FDA’s work on sunscreen TEAs within the deadlines set by the act, however, will give an idea of the impact (see box below).

“We’ll benefit a little bit over the next few months in terms of what comes out with the sunscreen ingredients,” CHPA Associate General Counsel Carolyn Herrmann said. “This is really kind of a source we can study going forward,” she added.

Deadlines ‘A Good Start’

As other stakeholders told FDA in comments on improving the OTC monograph amendment process, CHPA says TEA process deadlines alone likely will not generate significant improvements. FDA in February 2014 published a notice for comment on overhauling its OTC drug monograph process to be “more agile and responsive” (Also see "FDA Floats OTC Monograph Overhaul To Be “More Agile And Responsive”" - Pink Sheet, 24 Feb, 2014.).

Hermann pointed out that imposing deadlines on FDA does not mean the agency will always deliver positive results on TEAs faster. “They obviously don’t mandate whether the FDA has to accept or reject an application,” she said.

In its comments on updating the monograph system, CHPA suggested FDA streamline the existing three-step TEA process to two steps to reduce redundant data requirements.

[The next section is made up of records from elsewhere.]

theorem proposition6:
  fixes M :: "'a measure" and \<Lambda> :: "real \<Rightarrow> real" and X :: "'a \<Rightarrow> real"
  assumes "prob_space M" and "atomless M"
    and "antimono \<Lambda>" and "\<forall>x. 0 \<le> \<Lambda> x \<and> \<Lambda> x \<le> 1"
    and "integrable M X"
  shows "(-\<infinity> < ereal (integral\<^sup>L M X) \<and> ereal (integral\<^sup>L M X) \<le> ES_Lambda M \<Lambda> X
           \<and> ES_Lambda M \<Lambda> X \<le> ES M 1 X)
         \<and> (\<bar>ES_Lambda M \<Lambda> X\<bar> \<noteq> \<infinity> \<longleftrightarrow> (VaR M 1 X < \<infinity> \<or> \<not> (\<forall>x. \<Lambda> x = 1)))"
proof -
  interpret prob_space M by fact
  note X = \<open>integrable M X\<close>
  have \<Lambda>: "0 \<le> \<Lambda> x" "\<Lambda> x \<le> 1" for x
    using assms(4) by auto
  let ?E = "expectation X" and ?L = "ES_Lambda M \<Lambda> X"
  have "ereal ?E \<le> min (ES M (\<Lambda> ?E) X) (ereal ?E)"
    using expectation_le_ES[OF X \<Lambda>] by simp
  also have "\<dots> \<le> ?L"
    unfolding ES_Lambda_def by (rule SUP_upper) simp
  finally have lower: "ereal ?E \<le> ?L" .
  have upper: "?L \<le> VaR M 1 X"
    unfolding ES_Lambda_def using ES_le_VaR_1[OF X \<Lambda>] by (intro SUP_least min.coboundedI1)
  have "?L < \<infinity>" if "\<Lambda> x \<noteq> 1" for x
    using \<Lambda>(2)[of x] that by (intro ES_Lambda_less_infinity[OF X assms(3) \<Lambda>(1), of x]) simp
  then have "?L < \<infinity> \<longleftrightarrow> VaR M 1 X < \<infinity> \<or> \<not> (\<forall>x. \<Lambda> x = 1)"
    using upper ES_Lambda_eq_infinity[of M X \<Lambda>] by (auto intro: le_less_trans)
  moreover have "\<bar>?L\<bar> \<noteq> \<infinity> \<longleftrightarrow> ?L < \<infinity>"
    using lower by (cases ?L) auto
  ultimately show ?thesis
    using lower upper by (simp add: ES_def)
qed

end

The trade group recommended FDA first conduct a threshold review of an ingredient’s eligibility to be included in the monograph, and if this standard is met, allow the ingredient to be marketed on an interim basis while an amendment to the monograph is pending (Also see "TEA Changes, GRASE Basics Central To CHPA Monograph Comments" - Pink Sheet, 15 May, 2014.).

CHPA also suggests applying to the monograph process the temporary use permits FDA issues for food products that do not conform to standards of identity, allowing marketing of new products while the agency conducts a rulemaking to amend the relevant standards of identity.

Additionally, the Sec. 505(b)(2) process for deviations from a monograph that require safety and efficacy data not already included in a monograph can provide an amendment pathway, CHPA commented. Sec. 505(b)(2) was added to the Food, Drug and Cosmetic Act by the Drug Price Competition and Patent Term Restoration Act of 1984 – the Hatch-Waxman amendments – and permits FDA to rely, for approval of an NDA, on data not developed by the applicant.

The trade group also asks FDA to consider establishing a more formal collaborative partnership with stakeholders to collect and evaluate available data; says appropriate use of FDA’s enforcement discretion is a critical tool to expeditious monograph changes; and asserts the regulated industry is willing to cooperate in adopting labeling changes, conducting studies or removing ingredients from marketed products before formal rulemaking procedures are completed.

Hermann noted the while the recently passed legislation is limited to imposing TEA deadlines, “I think what this produces is a good start.”

“This hopefully will address some of the issues that we’ve had under the monograph system when it comes to time and extent applications,” she added.

FDA in 2002 established the TEA process as a pathway for adding substances to an OTC drug monograph that have been marketed “to a material extent and for a material time” – in a foreign market, for example – and have safety data to back them up.